Form system for rearranging described in the present embodiment, the process of described computation sheet live width, comprising: traversal row, obtains row information by line index, the pattern of wherein going comprises live width and colouring information, only works to the Article 1 alignment of current line and the last item alignment and upper and lower two lines; Refresh the live width of line and alignment, there is not line width information and then calculate according to the live width parameter of the described acquiescence of acquiescence in current line, if exist, retaining currency, preserving all line width information by representing two horizontal and vertical arrays; All cells of traversal current line, refresh the live width of line and alignment further.
Preferably, described form system for rearranging, the process of the initial row of each cell of described calculating number, comprise: arrange a two-dimentional array, the ranks number of its size form is for this reason multiplied, the unique positions of each element position-table in array, represent whether this position can as the starting point of cell, attribute according to cell travels through all cells by row, obtains the initial row number of cell, calculates often row col width by row ratio and line width information.
In other embodiments, if set maximum col width and minimum col width in the pattern quoted at form, then need to readjust according to these information the col width often arranged.If set maximum col width and minimum col width in the pattern that form is quoted, then need to readjust according to these information the col width often arranged.Like this, achieve the controllability of col width within the specific limits, have more hommization, facilitate and carry out adjusting and arranging as required, maintaining again the integrality of form.

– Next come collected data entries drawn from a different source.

lemma L2_set_coeffs_le_opnorm_L2:
  fixes M :: "((real^'n) \<times> (real^'n)) set"
  assumes M: "finite M"
  shows "L2_set (\<lambda>mu. cmod (a mu)) M \<le> opnorm_L2 (tf_op M a)"
proof -
  obtain s where inj: "inj_on (chirp_freq s) M"
    using exists_inj_on_chirp_freq[OF M] by blast
  define R where "R = (\<Sum>mu\<in>M. norm (fst mu))"
  have R: "\<forall>mu\<in>M. norm (fst mu) \<le> R"
    unfolding R_def using M by (auto intro: member_le_sum)
  let ?I = "\<lambda>L. LINT x|lborel. indicator (cube (L - R)) x * (cmod (trig_poly M (chirp_coeff s a) (chirp_freq s) x))^2"
  have "((\<lambda>L. ?I L / (2*L)^CARD('n)) \<longlongrightarrow> (\<Sum>mu\<in>M. (cmod (a mu))^2)) at_top"
    using tendsto_shrunk_cube_mean_norm_trig_poly_sq[OF M inj, of R "chirp_coeff s a"] by simp
  moreover have "eventually (\<lambda>L. ?I L / (2*L)^CARD('n) \<le> (opnorm_L2 (tf_op M a))^2) at_top"
    using eventually_gt_at_top[of 0]
  proof eventually_elim
    case (elim L)
    then have "?I L / (2*L)^CARD('n) \<le> (L2norm (tf_op M a (chirp s L)))^2"
      by (rule integral_cube_trig_poly_le_L2norm_tf_op_chirp[OF M R])
    also have "\<dots> \<le> (opnorm_L2 (tf_op M a))^2"
      using L2norm_tf_op_chirp_le_opnorm_L2[OF M elim] by (intro power_mono) (auto simp: L2norm_nonneg)
    finally show ?case .
  qed
  ultimately have "(\<Sum>mu\<in>M. (cmod (a mu))^2) \<le> (opnorm_L2 (tf_op M a))^2"
    by (rule tendsto_upperbound) simp
  moreover have "0 \<le> opnorm_L2 (tf_op M a)"
    using L2norm_tf_op_chirp_le_opnorm_L2[OF M, of 1] by (auto intro: order_trans[OF L2norm_nonneg])
  ultimately show ?thesis
    unfolding L2_set_def by (simp add: real_le_lsqrt)
qed
lemma unit_coordinate_convex_Max_weighted:
  assumes fin: "finite U" and ne: "U \<noteq> {}" and \<rho>: "\<And>v. v \<in> U \<Longrightarrow> 0 \<le> \<rho> v"
  shows "unit_coordinate_convex U (\<lambda>c. MAX v\<in>U. \<rho> v * c v)"
proof (rule unit_coordinate_convexI)
  fix c :: "'a \<Rightarrow> real" and u and t :: real
  assume u: "u \<in> U" and t0: "0 \<le> t" and t1: "t \<le> 1"
  let ?M = "\<lambda>c. MAX v\<in>U. \<rho> v * c v"
  have ge: "\<rho> v * c' v \<le> ?M c'" if "v \<in> U" for v c'
    using fin that by (intro Max_ge) auto
  have M0: "0 \<le> ?M (c(u := 0))"
    using ge[OF u, of "c(u := 0)"] by simp
  show "?M (c(u := t)) \<le> (1 - t) * ?M (c(u := 0)) + t * ?M (c(u := 1))"
  proof (rule Max.boundedI)
    show "finite ((\<lambda>v. \<rho> v * (c(u := t)) v) ` U)" "(\<lambda>v. \<rho> v * (c(u := t)) v) ` U \<noteq> {}"
      using fin ne by auto
    fix y assume "y \<in> (\<lambda>v. \<rho> v * (c(u := t)) v) ` U"
    then obtain v where v: "v \<in> U" and y: "y = \<rho> v * (c(u := t)) v" by auto
    show "y \<le> (1 - t) * ?M (c(u := 0)) + t * ?M (c(u := 1))"
    proof (cases "v = u")
      case True
      have "t * \<rho> u \<le> t * ?M (c(u := 1))"
        using ge[OF u, of "c(u := 1)"] t0 by (intro mult_left_mono) auto
      moreover have "0 \<le> (1 - t) * ?M (c(u := 0))" using M0 t1 by simp
      moreover have "y = t * \<rho> u" using y True by simp
      ultimately show ?thesis by linarith
    next
      case False
      have "(1 - t) * (\<rho> v * c v) \<le> (1 - t) * ?M (c(u := 0))"
        using ge[OF v, of "c(u := 0)"] t1 False by (intro mult_left_mono) auto
      moreover have "t * (\<rho> v * c v) \<le> t * ?M (c(u := 1))"
        using ge[OF v, of "c(u := 1)"] t0 False by (intro mult_left_mono) auto
      ultimately show ?thesis using y False by (simp add: algebra_simps)
    qed
  qed
qed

Form system for rearranging in the present embodiment, a kind of perfect form rearrangement method is provided, when making tableau format keep format to describe constant, the rearrangement keeping form logical organization can be carried out again when showing limited, the technical matters solved is form rearrangement method of the prior art when format document is shown on the display device that screen size is limited, rationally cannot process list data wherein.In described structure module, first source document resolved and be converted into the format describing method in the present invention, recycling printed page understanding method confirms form number and corresponding region, the structure of form logical structure information is completed finally by the method receiving extraneous input, in this way, improve treatment effeciency, in order to ensure accuracy by source document parsing, carry out again follow-up external world's adjustment, thus establish form logical structure information efficiently, accurately.Live width setting unit is also comprised in described form rearrangement method, the live width parameter of acquiescence is set, like this for the ranks live width that there is line width information according to the value existed, non-existently to be supplemented by default value, maintain the integrality of information, and adjustable, the setting of pattern.
In addition, the form system for rearranging described in the present embodiment, if set maximum col width and minimum col width in the pattern quoted at form, then needs to readjust according to these information the col width often arranged.Like this, achieve the controllability of col width within the specific limits, have more hommization, facilitate and carry out adjusting and arranging as required, maintaining again the integrality of form.In addition, after the content of acquiring unit lattice, cell is carried out separately in the process of typesetting as typesetting object, do not limit typesetting height, the actual typesetting height of each cell is got after typesetting terminates, highly can regulate as required or User Defined display type, all display or part display, hommization and variation more.If current page fails to show complete table, then record the logical line information do not shown, after page turning, only calculate non-display section and typesetting, maintained the integrality of form by the form of Pagination Display.The process of described drafting form, if form attributes is Table Header information, then this journey group is drawn in preferential typesetting again, and more complete for form restores by preferential gauge outfit of drawing, and the readability of form is improved further.
embodiment 3:
The present embodiment provides a kind of embodiment of the form rearrangement method based on format, and process is as follows:
1. in the process generating streaming information, need to add form definition, identify the laggard pedestrian's work adjustment of positional information of form, complete and build form logical structure information.In existing typesetting algorithm, only have character block and non-legible piece, the present embodiment adds form block on this basis.If run into form block in process of typeset, then retain on-the-spot and enter in the typesetting logic of form.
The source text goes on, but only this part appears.